### Exercise aim
Check every line of the entries below for the word "term", then give only the number of lines that have it.

### Data shown
(* Let $f:\mathbb{R}^n\to\mathbb{R}\cup\{+\infty\}$ be a closed proper convex function and $x^*\in\arg\min_x f(x)$. Let $(A_k),(a_k),(b_k),(c_k)$, $k\geqslant0$, be real sequences with $a_k>0$, $c_k>0$ for all $k$, $b_k>0$ for $k\geqslant1$, satisfying $$A_k=a_kb_k,\quad A_{k+1}-A_k\leqslant a_k,\quad a_k\leqslant c_k,\quad A_0=b_0=0.$$ Let $x_0\in\mathbb{R}^n$, $z_0=x_0$, and for $k\geqslant0$ $$y_{k+1}=\frac{1}{b_k+1}z_k+\frac{b_k}{b_k+1}x_k,\qquad x_{k+1}=\mathrm{prox}_{\frac{c_k}{b_k+1}f}(y_{k+1}),\qquad z_{k+1}=z_k+\frac{a_k}{c_k}(b_k+1)(x_{k+1}-y_{k+1}).$$ Then for every $k\geqslant1$, $$f(x_k)-f(x^* )\leqslant\frac{\|x_0-x^*\|^2}{2A_k},$$ and for every $k\geqslant0$, $$\min_{0\leqslant j\leqslant k}\Big\|\frac{(b_j+1)x_{j+1}-b_jx_j-z_j}{c_j}\Big\|^2\leqslant\frac{\|x_0-x^*\|^2}{\sum_{j=0}^ka_j^2}.$$
   Context: For $\gamma>0$, $\mathrm{prox}_{\gamma f}(y)=\arg\min_x\{f(x)+\frac{1}{2\gamma}\|x-y\|^2\}$. $\|\cdot\|$ is the Euclidean norm. *)

theory Defs
  imports "HOL-Analysis.Analysis"
begin

definition proper_fun :: "('a \<Rightarrow> ereal) \<Rightarrow> bool" where
  "proper_fun f \<longleftrightarrow> (\<forall>x. f x \<noteq> -\<infinity>) \<and> (\<exists>x. f x \<noteq> \<infinity>)"

definition convex_fun :: "('a::real_vector \<Rightarrow> ereal) \<Rightarrow> bool" where
  "convex_fun f \<longleftrightarrow> (\<forall>x y t. 0 < t \<and> t < 1 \<longrightarrow>
      f ((1 - t) *\<^sub>R x + t *\<^sub>R y) \<le> ereal (1 - t) * f x + ereal t * f y)"

definition closed_fun :: "('a::topological_space \<Rightarrow> ereal) \<Rightarrow> bool" where
  "closed_fun f \<longleftrightarrow> closed {(x, r::real). f x \<le> ereal r}"

definition prox :: "real \<Rightarrow> ('a::real_normed_vector \<Rightarrow> ereal) \<Rightarrow> 'a \<Rightarrow> 'a" where
  "prox \<gamma> f y = (SOME x. \<forall>u. f x + ereal ((norm (x - y))\<^sup>2 / (2 * \<gamma>))
                           \<le> f u + ereal ((norm (u - y))\<^sup>2 / (2 * \<gamma>)))"

end

(*
  The prox step x(k+1) = prox (\<gamma>k) f (y(k+1)), \<gamma>k = c k / (b k + 1), produces the subgradient
  g k = (y(k+1) - x(k+1)) / \<gamma>k of f at x(k+1), and the updates read
  c k g k = z k + b k x k - (b k + 1) x(k+1) and z(k+1) = z k - a k g k.
  The potential E k = A k (f(x k) - f(xs)) + |z k - xs|^2 / 2 then decreases by at least
  a k^2 |g k|^2 / 2 in every step: expanding |z(k+1) - xs|^2, the cross term is paid for by the
  subgradient inequality at xs (weight a k) and at x k (weight A k), and a k <= c k absorbs the
  quadratic term.  Telescoping from E 0 = |x0 - xs|^2 / 2 gives both bounds, since
  (b k + 1) x(k+1) - b k x k - z k = - c k g k.
*)
theory Submission
  imports Defs
begin

definition prox_minimizer :: "real \<Rightarrow> ('a::real_normed_vector \<Rightarrow> ereal) \<Rightarrow> 'a \<Rightarrow> 'a \<Rightarrow> bool" where
  "prox_minimizer \<gamma> f y p \<longleftrightarrow>
     (\<forall>u. f p + ereal ((norm (p - y))\<^sup>2 / (2 * \<gamma>)) \<le> f u + ereal ((norm (u - y))\<^sup>2 / (2 * \<gamma>)))"

lemma prox_minimizer_prox:
  assumes "\<exists>p. prox_minimizer \<gamma> f y p"
  shows "prox_minimizer \<gamma> f y (prox \<gamma> f y)"
  using someI_ex[OF assms] unfolding prox_def prox_minimizer_def .

lemma compact_epigraph_Int_cball_Times:
  fixes f :: "'a::heine_borel \<Rightarrow> ereal"
  assumes "closed_fun f"
  shows "compact ({(u, r). f u \<le> ereal r} \<inter> cball y R \<times> {l..h})"
  using assms unfolding closed_fun_def
  by (intro closed_Int_compact compact_Times compact_cball compact_Icc)

lemma prox_minimizer_exists:
  fixes f :: "'a::euclidean_space \<Rightarrow> ereal"
  assumes "closed_fun f" and lower: "\<And>u. ereal l \<le> f u" and "f w < \<infinity>" and "\<gamma> > 0"
  shows "\<exists>p. prox_minimizer \<gamma> f y p"
proof -
  define q where "q u = (norm (u - y))\<^sup>2 / (2 * \<gamma>)" for u
  have q_nonneg: "q u \<ge> 0" for u
    using \<open>\<gamma> > 0\<close> unfolding q_def by simp
  obtain fw where fw: "f w = ereal fw"
    using lower[of w] \<open>f w < \<infinity>\<close> by (cases "f w") auto
  define h where "h = fw + q w"
  \<comment> \<open>Minimise r + q u over the compact part of the epigraph on which it can beat its value at w.\<close>
  define K where "K = {(u, r). f u \<le> ereal r} \<inter> cball y (sqrt (2 * \<gamma> * (h - l))) \<times> {l..h}"
  have in_cball: "dist y u \<le> sqrt (2 * \<gamma> * (h - l))" if "q u \<le> h - l" for u
  proof -
    have "(norm (u - y))\<^sup>2 \<le> 2 * \<gamma> * (h - l)"
      using that \<open>\<gamma> > 0\<close> unfolding q_def by (simp add: field_simps)
    then show ?thesis
      by (simp add: dist_norm norm_minus_commute real_le_rsqrt)
  qed
  have "compact K"
    unfolding K_def using \<open>closed_fun f\<close> by (rule compact_epigraph_Int_cball_Times)
  moreover have "(w, fw) \<in> K"
    using lower[of w] fw q_nonneg[of w] in_cball[of w] unfolding K_def h_def by simp
  moreover have "continuous_on K (\<lambda>(u, r). r + q u)"
    unfolding q_def case_prod_unfold using \<open>\<gamma> > 0\<close> by (intro continuous_intros) auto
  ultimately obtain u0 r0 where "(u0, r0) \<in> K" and min_K: "\<And>u r. (u, r) \<in> K \<Longrightarrow> r0 + q u0 \<le> r + q u"
    using continuous_attains_inf[of K "\<lambda>(u, r). r + q u"] by fastforce
  have below_u0: "f u0 + ereal (q u0) \<le> ereal (r0 + q u0)"
  proof -
    have "f u0 \<le> ereal r0"
      using \<open>(u0, r0) \<in> K\<close> unfolding K_def by simp
    then show ?thesis
      by (metis add_right_mono plus_ereal.simps(1))
  qed
  have "r0 + q u0 \<le> h"
    using min_K[OF \<open>(w, fw) \<in> K\<close>] unfolding h_def by simp
  have "f u0 + ereal (q u0) \<le> f u + ereal (q u)" for u
  proof (cases "ereal h \<le> f u + ereal (q u)")
    case True
    then show ?thesis
      using below_u0 \<open>r0 + q u0 \<le> h\<close> by (meson ereal_less_eq(3) order_trans)
  next
    case False
    then obtain r where r: "f u = ereal r" and "r + q u < h"
      using lower[of u] by (cases "f u") auto
    then have "(u, r) \<in> K"
      using lower[of u] q_nonneg[of u] in_cball[of u] unfolding K_def by simp
    then show ?thesis
      using below_u0 min_K r by (metis ereal_less_eq(3) order_trans plus_ereal.simps(1))
  qed
  then show ?thesis
    unfolding prox_minimizer_def q_def by blast
qed

lemma nonpos_if_le_mult_small:
  fixes d c :: real
  assumes "\<And>t. 0 < t \<Longrightarrow> t < 1 \<Longrightarrow> d \<le> t * c"
  shows "d \<le> 0"
proof (rule tendsto_lowerbound)
  show "((\<lambda>t. t * c) \<longlongrightarrow> 0) (at_right 0)"
    by (auto intro!: tendsto_eq_intros)
  show "\<forall>\<^sub>F t in at_right 0. d \<le> t * c"
    using eventually_at_right_real[of 0 1] by (rule eventually_mono) (use assms in auto)
qed simp

lemma power2_norm_add_scaleR:
  fixes a b :: "'a::real_inner"
  shows "(norm (a + t *\<^sub>R b))\<^sup>2 = (norm a)\<^sup>2 + 2 * t * inner a b + t\<^sup>2 * (norm b)\<^sup>2"
  unfolding power2_norm_eq_inner
  by (simp add: inner_add_left inner_add_right inner_commute algebra_simps power2_eq_square)

lemma convex_fun_finite_combination:
  assumes "convex_fun f" and "f p = ereal fp" and "f u = ereal fu" and "0 < t" and "t < 1"
  shows "f ((1 - t) *\<^sub>R p + t *\<^sub>R u) \<le> ereal ((1 - t) * fp + t * fu)"
proof -
  have "f ((1 - t) *\<^sub>R p + t *\<^sub>R u) \<le> ereal (1 - t) * f p + ereal t * f u"
    using assms unfolding convex_fun_def by blast
  then show ?thesis
    using assms by simp
qed

lemma prox_minimizer_subgradient:
  fixes f :: "'a::real_inner \<Rightarrow> ereal"
  assumes "convex_fun f" and "\<gamma> > 0" and "prox_minimizer \<gamma> f y p"
    and fp: "f p = ereal fp" and fu: "f u = ereal fu"
  shows "fp + inner ((1 / \<gamma>) *\<^sub>R (y - p)) (u - p) \<le> fu"
proof -
  \<comment> \<open>Compare p with the points (1 - t) p + t u of the segment towards u and let t tend to 0.\<close>
  have "fp - fu - inner (p - y) (u - p) / \<gamma> \<le> t * ((norm (u - p))\<^sup>2 / (2 * \<gamma>))"
    if "0 < t" "t < 1" for t
  proof -
    define v where "v = (1 - t) *\<^sub>R p + t *\<^sub>R u"
    have "ereal (fp + (norm (p - y))\<^sup>2 / (2 * \<gamma>)) \<le> f v + ereal ((norm (v - y))\<^sup>2 / (2 * \<gamma>))"
      using \<open>prox_minimizer \<gamma> f y p\<close> fp unfolding prox_minimizer_def by (metis plus_ereal.simps(1))
    also have "\<dots> \<le> ereal ((1 - t) * fp + t * fu + (norm (v - y))\<^sup>2 / (2 * \<gamma>))"
      using convex_fun_finite_combination[OF \<open>convex_fun f\<close> fp fu that] unfolding v_def
      by (metis add_right_mono plus_ereal.simps(1))
    finally have "fp + (norm (p - y))\<^sup>2 / (2 * \<gamma>) \<le> (1 - t) * fp + t * fu + (norm (v - y))\<^sup>2 / (2 * \<gamma>)"
      by simp
    moreover have "(norm (v - y))\<^sup>2 = (norm (p - y))\<^sup>2 + 2 * t * inner (p - y) (u - p) + t\<^sup>2 * (norm (u - p))\<^sup>2"
    proof -
      have "v - y = (p - y) + t *\<^sub>R (u - p)"
        unfolding v_def by (simp add: algebra_simps)
      then show ?thesis
        by (simp only: power2_norm_add_scaleR)
    qed
    moreover have "((norm (p - y))\<^sup>2 + 2 * t * inner (p - y) (u - p) + t\<^sup>2 * (norm (u - p))\<^sup>2) / (2 * \<gamma>)
        = (norm (p - y))\<^sup>2 / (2 * \<gamma>) + t * (inner (p - y) (u - p) / \<gamma>)
          + t * (t * ((norm (u - p))\<^sup>2 / (2 * \<gamma>)))"
      using \<open>\<gamma> > 0\<close> by (simp add: field_simps power2_eq_square)
    ultimately have "t * (fp - fu - inner (p - y) (u - p) / \<gamma>) \<le> t * (t * ((norm (u - p))\<^sup>2 / (2 * \<gamma>)))"
      by (simp add: algebra_simps)
    then show ?thesis
      using \<open>0 < t\<close> by (simp only: mult_le_cancel_left_pos)
  qed
  then have "fp - fu - inner (p - y) (u - p) / \<gamma> \<le> 0"
    by (rule nonpos_if_le_mult_small)
  moreover have "inner ((1 / \<gamma>) *\<^sub>R (y - p)) (u - p) = - inner (p - y) (u - p) / \<gamma>"
    by (simp add: inner_diff_left)
  ultimately show ?thesis
    by linarith
qed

### Result of this exercise
2